[Exercise data — start]

section \<open>The moment inequality and its equality cases\<close>

locale uncertainty_setting =
  fixes X :: "(real^'n) set"
    and f g :: "real^'n \<Rightarrow> real"
    and grad :: "real^'n \<Rightarrow> real^'n"
    and N :: "real^'n \<Rightarrow> real"
    and \<alpha> :: real
  assumes X_meas[measurable]: "X \<in> sets lebesgue"
    and f_int: "set_integrable lebesgue X f" and f_int_1: "(\<integral>x\<in>X. f x \<partial>lebesgue) = 1"
    and g_nonneg: "\<forall>x\<in>X. 0 \<le> g x" and g_int_1: "(\<integral>x\<in>X. g x \<partial>lebesgue) = 1"
    and g_meas[measurable]: "g \<in> borel_measurable lebesgue"
    and f_outside: "\<forall>x. x \<notin> X \<longrightarrow> f x = 0"
    and f_diff: "\<forall>x\<in>X. has_grad f (grad x) x"
    and f_bdry: "\<forall>x\<in>frontier X. f differentiable (at x)"
    and abs_cont: "AE x in lebesgue. x \<in> X \<and> g x = 0 \<longrightarrow> grad x = 0"
    and N_norm: "is_norm N"
    and alpha: "1 \<le> \<alpha>"
    and int1: "set_integrable lebesgue X (\<lambda>x. N x powr \<alpha> * g x)"
    and int2: "\<alpha> \<noteq> 1 \<Longrightarrow> set_integrable lebesgue X
                 (\<lambda>x. dual_norm N ((1 / g x) *\<^sub>R grad x) powr (\<alpha> / (\<alpha> - 1)) * g x)"
    and bnd2: "\<alpha> = 1 \<Longrightarrow> \<exists>c. AE x in lebesgue. x \<in> X \<and> 0 < g x \<longrightarrow> dual_norm N ((1 / g x) *\<^sub>R grad x) \<le> c"
begin

lemma ex_has_grad: "\<exists>v. has_grad f v y"
proof -
  consider "y \<in> X" | "y \<in> frontier X" | "y \<in> - closure X" using closure_Un_frontier by blast
  then show ?thesis
  proof cases
    case 3
    have "(f has_derivative (\<lambda>u. 0 \<bullet> u)) (at y)"
    proof (rule has_derivative_transform_within_open)
      show "((\<lambda>_. 0) has_derivative (\<lambda>u. 0 \<bullet> u)) (at y)" by simp
      show "\<And>x. x \<in> - closure X \<Longrightarrow> 0 = f x" using f_outside closure_subset by auto
    qed (use 3 in auto)
    then show ?thesis unfolding has_grad_def by blast
  qed (use f_diff f_bdry ex_has_grad_if_differentiable in blast)+
qed

definition Df :: "real^'n \<Rightarrow> real^'n" where "Df y = (SOME v. has_grad f v y)"

lemma has_grad_Df: "has_grad f (Df y) y"
  unfolding Df_def using ex_has_grad by (rule someI_ex)

lemma Df_eq_grad: "y \<in> X \<Longrightarrow> Df y = grad y"
  using has_grad_Df f_diff has_grad_unique by blast

lemma borel_measurable_f[measurable]: "f \<in> borel_measurable borel"
  using has_grad_Df by (rule borel_measurable_has_grad)

lemma borel_measurable_Df[measurable]: "Df \<in> borel_measurable lebesgue"
  using borel_measurable_grad[OF has_grad_Df] by (simp add: measurable_completion)

lemma borel_measurable_N[measurable]: "N \<in> borel_measurable borel"
  using continuous_on_is_norm[OF N_norm] by (rule borel_measurable_continuous_onI)

lemma borel_measurable_dual_norm[measurable]: "dual_norm N \<in> borel_measurable borel"
  using continuous_on_is_norm[OF is_norm_dual_norm[OF N_norm]] by (rule borel_measurable_continuous_onI)

lemma borel_measurable_id_lebesgue[measurable]: "(\<lambda>x::real^'n. x) \<in> borel_measurable lebesgue"
  by (rule measurable_completion) simp

lemma integrable_f: "integrable lborel f" and integral_f: "(\<integral>x. f x \<partial>lborel) = 1"
proof -
  have f: "(\<lambda>x. indicator X x * f x) = f"
    using f_outside by (auto simp: fun_eq_iff indicator_def)
  have "integrable lebesgue f" using f_int by (simp add: set_integrable_def f)
  then show "integrable lborel f" using integrable_completion[of f lborel] by simp
  have "(\<integral>x. f x \<partial>lebesgue) = 1" using f_int_1 by (simp add: set_lebesgue_integral_def f)
  then show "(\<integral>x. f x \<partial>lborel) = 1" using integral_completion[of f lborel] by simp
qed

text \<open>\<open>grad\<close> is only given on \<open>X\<close>; off \<open>X\<close> the extension \<open>Df\<close> is radially tangent to the zero
  set of \<open>f\<close> almost everywhere, which is what the integration by parts needs.\<close>
lemma AE_inner_grad_eq_inner_Df: "AE y in lebesgue. indicator X y * (y \<bullet> grad y) = y \<bullet> Df y"
proof -
  have "{y. f y = 0 \<and> y \<bullet> Df y \<noteq> 0} \<in> null_sets lebesgue"
    using null_sets_zeros_nonzero_radial_grad[OF has_grad_Df] by (rule null_sets_completionI)
  from AE_not_in[OF this] show ?thesis
    by eventually_elim (use f_outside Df_eq_grad in \<open>auto simp: indicator_def\<close>)
qed

definition D :: "real^'n \<Rightarrow> real" where "D x = dual_norm N ((1 / g x) *\<^sub>R grad x)"

definition NDg :: "real^'n \<Rightarrow> real" where "NDg x = N x * D x * g x"

lemma borel_measurable_indicator_NDg[measurable]: "(\<lambda>x. indicator X x * NDg x) \<in> borel_measurable lebesgue"
proof -
  have "(\<lambda>x. indicator X x * NDg x) = (\<lambda>x. indicator X x * (N x * dual_norm N ((1 / g x) *\<^sub>R Df x) * g x))"
    by (auto simp: fun_eq_iff indicator_def NDg_def D_def Df_eq_grad)
  also have "\<dots> \<in> borel_measurable lebesgue" by measurable
  finally show ?thesis .
qed

lemma borel_measurable_indicator_inner_grad[measurable]:
  "(\<lambda>x. indicator X x * (x \<bullet> grad x)) \<in> borel_measurable lebesgue"
proof -
  have "(\<lambda>x. indicator X x * (x \<bullet> grad x)) = (\<lambda>x. indicator X x * (x \<bullet> Df x))"
    by (auto simp: fun_eq_iff indicator_def Df_eq_grad)
  also have "\<dots> \<in> borel_measurable lebesgue" by measurable
  finally show ?thesis .
qed

lemma N_nonneg: "0 \<le> N x"
  using is_norm_nonneg[OF N_norm] .

lemma D_nonneg: "0 \<le> D x"
  unfolding D_def using is_norm_nonneg[OF is_norm_dual_norm[OF N_norm]] .

lemma NDg_nonneg: "x \<in> X \<Longrightarrow> 0 \<le> NDg x"
  unfolding NDg_def using N_nonneg D_nonneg g_nonneg by simp

lemma NDg_le_if_D_le:
  assumes "x \<in> X" and "0 < g x \<Longrightarrow> D x \<le> c"
  shows "NDg x \<le> c * (N x * g x)"
proof (cases "g x = 0")
  case False
  then have "0 < g x" using assms(1) g_nonneg by (simp add: order_less_le)
  then show ?thesis
    using mult_left_mono[OF assms(2), of "N x * g x"] N_nonneg by (simp add: NDg_def mult_ac)
qed (simp add: NDg_def)

lemma abs_inner_grad_le_NDg:
  assumes "x \<in> X" and "0 < g x \<or> grad x = 0"
  shows "\<bar>x \<bullet> grad x\<bar> \<le> NDg x"
  using assms(2)
proof
  assume gx: "0 < g x"
  have "\<bar>x \<bullet> grad x\<bar> = g x * \<bar>x \<bullet> ((1 / g x) *\<^sub>R grad x)\<bar>" using gx by (simp add: abs_mult)
  also have "\<dots> \<le> g x * (N x * D x)"
    unfolding D_def using gx by (intro mult_left_mono abs_inner_le_is_norm_dual_norm[OF N_norm]) simp
  finally show ?thesis by (simp add: NDg_def mult_ac)
qed (use NDg_nonneg assms(1) in simp)

lemma AE_abs_inner_grad_le_NDg: "AE x in lebesgue. x \<in> X \<longrightarrow> \<bar>x \<bullet> grad x\<bar> \<le> NDg x"
  using abs_cont by eventually_elim (use g_nonneg abs_inner_grad_le_NDg in \<open>force simp: order_less_le\<close>)


definition \<beta> :: real where "\<beta> = \<alpha> / (\<alpha> - 1)"

lemma conjugate_exponent:
  assumes "1 < \<alpha>"
  shows "1 < \<beta>" and "1 / \<alpha> + 1 / \<beta> = 1"
  using assms by (auto simp: \<beta>_def field_simps)

definition moment_N :: real where
  "moment_N = (\<integral>x. indicator X x * (N x powr \<alpha> * g x) \<partial>lebesgue)"

definition moment_D :: real where
  "moment_D = (\<integral>x. indicator X x * (D x powr \<beta> * g x) \<partial>lebesgue)"

definition A :: real where "A = moment_N powr (1 / \<alpha>)"

definition B :: real where "B = conj_moment \<alpha> X g D"

lemma integrable_moment_N: "integrable lebesgue (\<lambda>x. indicator X x * (N x powr \<alpha> * g x))"
  using int1 by (simp add: set_integrable_def)

lemma integrable_moment_D: "1 < \<alpha> \<Longrightarrow> integrable lebesgue (\<lambda>x. indicator X x * (D x powr \<beta> * g x))"
  using int2 by (simp add: set_integrable_def D_def \<beta>_def)

lemma AE_D_le_B:
  assumes "\<alpha> = 1"
  shows "AE x in lebesgue. x \<in> X \<and> 0 < g x \<longrightarrow> D x \<le> B"
proof -
  have "\<exists>c. AE x in lebesgue. x \<in> X \<and> 0 < g x \<longrightarrow> D x \<le> c"
    using bnd2[OF assms] by (simp add: D_def)
  from AE_le_ess_sup_wrt[OF this] show ?thesis unfolding B_def conj_moment_def using assms by simp
qed

lemma NDg_le_Young:
  assumes "1 < \<alpha>" and "x \<in> X"
  shows "NDg x \<le> (N x powr \<alpha> / \<alpha> + D x powr \<beta> / \<beta>) * g x"
  using Youngs_inequality[OF assms(1) conjugate_exponent[OF assms(1)] N_nonneg D_nonneg, of x x]
    g_nonneg assms(2) unfolding NDg_def by (intro mult_right_mono) auto

lemma AE_NDg_le_B_moment_N:
  assumes "\<alpha> = 1"
  shows "AE x in lebesgue. indicator X x * NDg x \<le> B * (indicator X x * (N x powr \<alpha> * g x))"
  using AE_D_le_B[OF assms]
proof eventually_elim
  case (elim x)
  show ?case
  proof (cases "x \<in> X")
    case True
    then have "NDg x \<le> B * (N x * g x)" using elim by (intro NDg_le_if_D_le) auto
    then show ?thesis using True assms N_nonneg by simp
  qed simp
qed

[Exercise data — finish]

▶ [Problem description] Starting at the line that contains "using has_grad_Df by" and stopping after the line that contains "using borel_measurable_grad[OF has_grad_Df]", write out every line exactly as it appears above, and no other line.

▶ [Finished task]
  using has_grad_Df by (rule borel_measurable_has_grad)

lemma borel_measurable_Df[measurable]: "Df \<in> borel_measurable lebesgue"
  using borel_measurable_grad[OF has_grad_Df] by (simp add: measurable_completion)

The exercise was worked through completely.